The Alpha Sacrificed Our Pup for His Fake-Sick Mistress
Chapter 4
The main hall of the remote villa felt cavernous in the afternoon light. Dust motes swirled in the sunbeams slicing through the tall windows, illuminating the cold marble floor and the heavy, dark furniture. I stood in the center of that empty space, the stained linen dress my only armor. Silas and Gideon loomed near the shattered courtyard gate, the bound guard a pathetic heap between them.
Silas’s eyes hadn’t left the wisteria tattoo on the guard’s wrist. I saw the calculation in them, the rapid search for a new lie. He couldn’t deny the symbol. So he changed the story.
“You,” Silas barked at the guard, his voice cracking through the silence like a whip. “Explain this.”
He didn’t wait for an answer. In one fluid motion, he drew a thin, cruel-looking dagger from a sheath at his belt. The steel gleamed in the sunlight.
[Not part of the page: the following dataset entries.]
(* For every integer $h\ge 0$, the generating function $M^{\le h}(z)=\sum_{n\ge0} m_{n,h} z^n$, where $m_{n,h}$ is the number of Motzkin paths of length $n$ and height at most $h$, satisfies $$M^{\le h}(z)=(1+v+v^2)\,\frac{1-v^{2h+2}}{1-v^{2h+4}},$$ and the generating function $N^{\le h}(z)=\sum_{n\ge0} n_{n,h} z^n$, where $n_{n,h}$ is the number of Motzkin paths of length $n$ and height at most $h$ having no horizontal step on level $h$, satisfies $$N^{\le h}(z)=(1+v+v^2)\,\frac{1-v^{2h+1}}{1-v^{2h+3}}.$$ Both identities hold as identities of formal power series in $z$.
   Context: A Motzkin path of length $n$ is a sequence of $n$ steps, each an up-step $(1,1)$, a down-step $(1,-1)$ or a horizontal step $(1,0)$, starting at $(0,0)$, ending at $(n,0)$, and never going below the $x$-axis. Its height is the maximal $y$-coordinate reached. A horizontal step on level $j$ is a horizontal step from $(x,j)$ to $(x+1,j)$. Throughout, $v=v(z)=\frac{1-z-\sqrt{1-2z-3z^2}}{2z}=z+z^2+\cdots$ denotes the formal power series with $v(0)=0$ satisfying $z=\frac{v}{1+v+v^2}$. *)

theory Defs
  imports "HOL-Computational_Algebra.Formal_Power_Series"
begin

datatype step = U | D | H

fun step_val :: "step \<Rightarrow> int" where
  "step_val U = 1" | "step_val D = -1" | "step_val H = 0"

definition ht :: "step list \<Rightarrow> nat \<Rightarrow> int" where
  "ht xs k = sum_list (map step_val (take k xs))"

definition motzkin :: "step list \<Rightarrow> bool" where
  "motzkin xs \<longleftrightarrow> (\<forall>k\<le>length xs. 0 \<le> ht xs k) \<and> ht xs (length xs) = 0"

definition height_le :: "step list \<Rightarrow> nat \<Rightarrow> bool" where
  "height_le xs h \<longleftrightarrow> (\<forall>k\<le>length xs. ht xs k \<le> int h)"

definition no_hor_on_level :: "step list \<Rightarrow> nat \<Rightarrow> bool" where
  "no_hor_on_level xs h \<longleftrightarrow> (\<forall>k<length xs. xs ! k = H \<longrightarrow> ht xs k \<noteq> int h)"

definition m_count :: "nat \<Rightarrow> nat \<Rightarrow> nat" where
  "m_count n h = card {xs. length xs = n \<and> motzkin xs \<and> height_le xs h}"

definition n_count :: "nat \<Rightarrow> nat \<Rightarrow> nat" where
  "n_count n h = card {xs. length xs = n \<and> motzkin xs \<and> height_le xs h \<and> no_hor_on_level xs h}"

text \<open>v: the unique power series with v(0)=0 and z = v/(1+v+v^2), i.e. z(1+v+v^2) = v\<close>
definition vser :: "real fps" where
  "vser = (THE v. fps_nth v 0 = 0 \<and> fps_X * (1 + v + v^2) = v)"

definition Mle :: "nat \<Rightarrow> real fps" where
  "Mle h = Abs_fps (\<lambda>n. real (m_count n h))"

definition Nle :: "nat \<Rightarrow> real fps" where
  "Nle h = Abs_fps (\<lambda>n. real (n_count n h))"

end

theory Submission
  imports Defs
begin

unbundle fps_syntax

text \<open>
  Let \<open>F\<^sub>h\<close> count Motzkin paths in the strip \<open>0 \<le> y \<le> h\<close>. Splitting a nonempty path at its
  first step gives either a horizontal step followed by a path counted by \<open>F\<^sub>h\<close>, or an up-step,
  a path in the strip \<open>1 \<le> y \<le> h\<close> (counted by \<open>F\<^sub>h\<^sub>-\<^sub>1\<close>), the first return to level 0 and a
  path counted by \<open>F\<^sub>h\<close>. Hence \<open>F\<^sub>h = 1/(1 - z - z\<^sup>2 F\<^sub>h\<^sub>-\<^sub>1)\<close>; forbidding horizontal steps on the top
  level only changes the case \<open>h = 0\<close>, where \<open>F\<^sub>0 = 1\<close>. Writing \<open>c = 1 + v + v\<^sup>2\<close>, so that
  \<open>z c = v\<close>, the functions \<open>f\<^sub>k = c (1 - v\<^sup>k)/(1 - v\<^sup>k\<^sup>+\<^sup>2)\<close> satisfy
  \<open>f\<^sub>k\<^sub>+\<^sub>2 (1 - z - z\<^sup>2 f\<^sub>k) = 1\<close>, \<open>f\<^sub>0 = 0\<close> and \<open>f\<^sub>1 = 1\<close>, and induction on \<open>h\<close> finishes the proof.
\<close>

subsection \<open>The series v\<close>

lemma vser_equation_solvable: "\<exists>v::real fps. v $ 0 = 0 \<and> fps_X * (1 + v + v\<^sup>2) = v"
proof -
  define q :: "real fps" where "q = 1 + fps_X + fps_X\<^sup>2"
  define w where "w = fps_inv (fps_X * inverse q)"
  have q0: "q $ 0 = 1" by (simp add: q_def)
  have w0: "w $ 0 = 0" by (simp add: w_def fps_inv_def)
  have "fps_X * inverse q oo w = fps_X"
    unfolding w_def by (rule fps_inv_right) (use q0 in auto)
  moreover have "fps_X * inverse q oo w = w * (inverse q oo w)"
    by (simp add: fps_compose_mult_distrib[OF w0] w0)
  moreover have "(inverse q oo w) * (q oo w) = 1"
    using fps_compose_mult_distrib[OF w0, of "inverse q" q, symmetric] inverse_mult_eq_1[of q] q0
    by simp
  moreover have "q oo w = 1 + w + w\<^sup>2"
    unfolding q_def by (simp add: fps_compose_add_distrib fps_compose_power[OF w0, symmetric] w0)
  ultimately have "fps_X * (1 + w + w\<^sup>2) = w"
    by (metis mult.assoc mult.right_neutral)
  then show ?thesis using w0 by blast
qed

lemma vser_equation_unique:
  fixes v w :: "real fps"
  assumes v: "v $ 0 = 0" "fps_X * (1 + v + v\<^sup>2) = v"
    and w: "w $ 0 = 0" "fps_X * (1 + w + w\<^sup>2) = w"
  shows "v = w"
proof (rule fps_ext)
  have nth_Suc: "u $ Suc m = 1 $ m + u $ m + (\<Sum>i=0..m. u $ i * u $ (m - i))"
    if "fps_X * (1 + u + u\<^sup>2) = u" for u :: "real fps" and m
  proof -
    have "(fps_X * (1 + u + u\<^sup>2)) $ Suc m = (1 + u + u\<^sup>2) $ m" by simp
    also have "\<dots> = 1 $ m + u $ m + (\<Sum>i=0..m. u $ i * u $ (m - i))"
      by (simp add: power2_eq_square fps_mult_nth)
    finally show ?thesis using that by simp
  qed
  fix n show "v $ n = w $ n"
  proof (induction n rule: less_induct)
    case (less n)
    show ?case
    proof (cases n)
      case 0 then show ?thesis using v w by simp
    next
      case (Suc m)
      have "(\<Sum>i=0..m. v $ i * v $ (m - i)) = (\<Sum>i=0..m. w $ i * w $ (m - i))"
        by (rule sum.cong) (use less Suc in auto)
      then show ?thesis using nth_Suc[OF v(2)] nth_Suc[OF w(2)] less Suc by simp
    qed
  qed
qed

lemma vser_nth_0: "vser $ 0 = 0"
  and X_times_vser_poly: "fps_X * (1 + vser + vser\<^sup>2) = vser"
proof -
  have "\<exists>!v::real fps. v $ 0 = 0 \<and> fps_X * (1 + v + v\<^sup>2) = v"
    using vser_equation_solvable vser_equation_unique by blast
  then have "vser $ 0 = 0 \<and> fps_X * (1 + vser + vser\<^sup>2) = vser"
    unfolding vser_def by (rule theI')
  then show "vser $ 0 = 0" "fps_X * (1 + vser + vser\<^sup>2) = vser" by auto
qed

lemma one_minus_vser_power_nth_0: "0 < k \<Longrightarrow> (1 - vser ^ k) $ 0 \<noteq> 0"
  by (simp only: fps_sub_nth fps_power_zeroth vser_nth_0) (simp add: zero_power)

lemma one_minus_vser_power_nonzero: "0 < k \<Longrightarrow> 1 - vser ^ k \<noteq> 0"
  using one_minus_vser_power_nth_0 by (metis fps_zero_nth)

subsection \<open>Walks in a strip\<close>

fun strip_walk :: "int \<Rightarrow> int \<Rightarrow> bool \<Rightarrow> int \<Rightarrow> int \<Rightarrow> step list \<Rightarrow> bool" where
  "strip_walk lo hi flat a e [] \<longleftrightarrow> lo \<le> a \<and> a \<le> hi \<and> a = e"
| "strip_walk lo hi flat a e (x # xs) \<longleftrightarrow> lo \<le> a \<and> a \<le> hi \<and> (x = H \<longrightarrow> flat \<or> a \<noteq> hi)
     \<and> strip_walk lo hi flat (a + step_val x) e xs"

lemma ht_0 [simp]: "ht xs 0 = 0"
  by (simp add: ht_def)

lemma ht_Cons_Suc [simp]: "ht (x # xs) (Suc k) = step_val x + ht xs k"
  by (simp add: ht_def)

lemma all_le_Suc_iff: "(\<forall>k\<le>Suc n. P k) \<longleftrightarrow> P 0 \<and> (\<forall>k\<le>n. P (Suc k))"
  by (metis Suc_le_mono le0 not0_implies_Suc)

lemma all_less_Suc_iff: "(\<forall>k<Suc n. P k) \<longleftrightarrow> P 0 \<and> (\<forall>k<n. P (Suc k))"
  by (metis Suc_less_eq not0_implies_Suc zero_less_Suc)

lemma strip_walk_iff_ht:
  "strip_walk lo hi flat a e xs \<longleftrightarrow>
     (\<forall>k\<le>length xs. lo \<le> a + ht xs k \<and> a + ht xs k \<le> hi) \<and> a + ht xs (length xs) = e
     \<and> (\<not> flat \<longrightarrow> (\<forall>k<length xs. xs ! k = H \<longrightarrow> a + ht xs k \<noteq> hi))"
proof (induction xs arbitrary: a)
  case Nil
  then show ?case by auto
next
  case (Cons x xs)
  show ?case
    unfolding strip_walk.simps Cons.IH length_Cons all_le_Suc_iff all_less_Suc_iff
    by (simp add: add.assoc) blast
qed

lemma strip_walk_range: "strip_walk lo hi flat a e xs \<Longrightarrow> lo \<le> a \<and> a \<le> hi"
  by (cases xs) auto

lemma strip_walk_append:
  "strip_walk lo hi flat a e (xs @ ys) \<longleftrightarrow>
     (\<exists>m. strip_walk lo hi flat a m xs \<and> strip_walk lo hi flat m e ys)"
  by (induction xs arbitrary: a) (auto dest: strip_walk_range)

lemma strip_walk_shift:
  "strip_walk (lo + c) (hi + c) flat (a + c) (e + c) xs = strip_walk lo hi flat a e xs"
proof (induction xs arbitrary: a)
  case Nil
  then show ?case by auto
next
  case (Cons x xs)
  have "a + c + step_val x = (a + step_val x) + c" by simp
  then show ?case by (simp only: strip_walk.simps Cons.IH[of "a + step_val x"]) simp
qed

lemma strip_walk_widen: "strip_walk lo' hi flat a e xs \<Longrightarrow> lo \<le> lo' \<Longrightarrow> strip_walk lo hi flat a e xs"
  by (induction xs arbitrary: a) auto

lemma strip_walk_first_return:
  assumes "strip_walk lo hi flat a lo ys" "lo < a"
  shows "\<exists>p q. ys = p @ D # q \<and> strip_walk (lo + 1) hi flat a (lo + 1) p \<and> strip_walk lo hi flat lo lo q"
  using assms
proof (induction ys arbitrary: a)
  case Nil
  then show ?case by simp
next
  case (Cons x zs)
  show ?case
  proof (cases "x = D \<and> a = lo + 1")
    case True
    then show ?thesis using Cons.prems by (intro exI[of _ "[]"] exI[of _ zs]) auto
  next
    case False
    have walk: "strip_walk lo hi flat (a + step_val x) lo zs"
      and top: "a \<le> hi" "x = H \<longrightarrow> flat \<or> a \<noteq> hi"
      using Cons.prems by auto
    have "lo < a + step_val x" using False Cons.prems(2) by (cases x) auto
    from Cons.IH[OF walk this] obtain p q where "zs = p @ D # q"
      "strip_walk (lo + 1) hi flat (a + step_val x) (lo + 1) p" "strip_walk lo hi flat lo lo q"
      by blast
    then show ?thesis using top Cons.prems(2) by (intro exI[of _ "x # p"] exI[of _ q]) auto
  qed
qed

lemma strip_walk_first_return_unique:
  "strip_walk lo hi flat a lo p \<Longrightarrow> strip_walk lo hi flat a lo p' \<Longrightarrow> p @ D # q = p' @ D # q' \<Longrightarrow> p = p'"
proof (induction p arbitrary: a p')
  case Nil
  then show ?case by (cases p') (auto dest: strip_walk_range)
next
  case (Cons x r)
  then show ?case by (cases p') (auto dest: strip_walk_range)
qed

subsection \<open>Counting excursions\<close>

definition strip_excursions :: "int \<Rightarrow> int \<Rightarrow> bool \<Rightarrow> nat \<Rightarrow> step list set" where
  "strip_excursions lo hi flat n = {xs. length xs = n \<and> strip_walk lo hi flat lo lo xs}"

lemma finite_strip_excursions: "finite (strip_excursions lo hi flat n)"
proof -
  have steps: "(UNIV :: step set) = {U, D, H}"
    using step.exhaust by auto
  have "finite {xs. set xs \<subseteq> (UNIV :: step set) \<and> length xs = n}"
    by (rule finite_lists_length_eq) (simp add: steps)
  then show ?thesis
    by (rule finite_subset[rotated]) (auto simp: strip_excursions_def)
qed

lemma strip_excursions_0: "0 \<le> hi \<Longrightarrow> strip_excursions 0 hi flat 0 = {[]}"
  by (auto simp: strip_excursions_def)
He knelt, grabbed a handful of the guard’s uniform tunic, and sliced through the fabric at the collar. The sound of tearing cloth was obscenely loud.
The guard flinched, his eyes fluttering open. They were bloodshot, terrified. “Sir, please, I—”
“The mark on your wrist,” Silas demanded, pressing the dagger’s point under the man’s chin. “Where did you get it?”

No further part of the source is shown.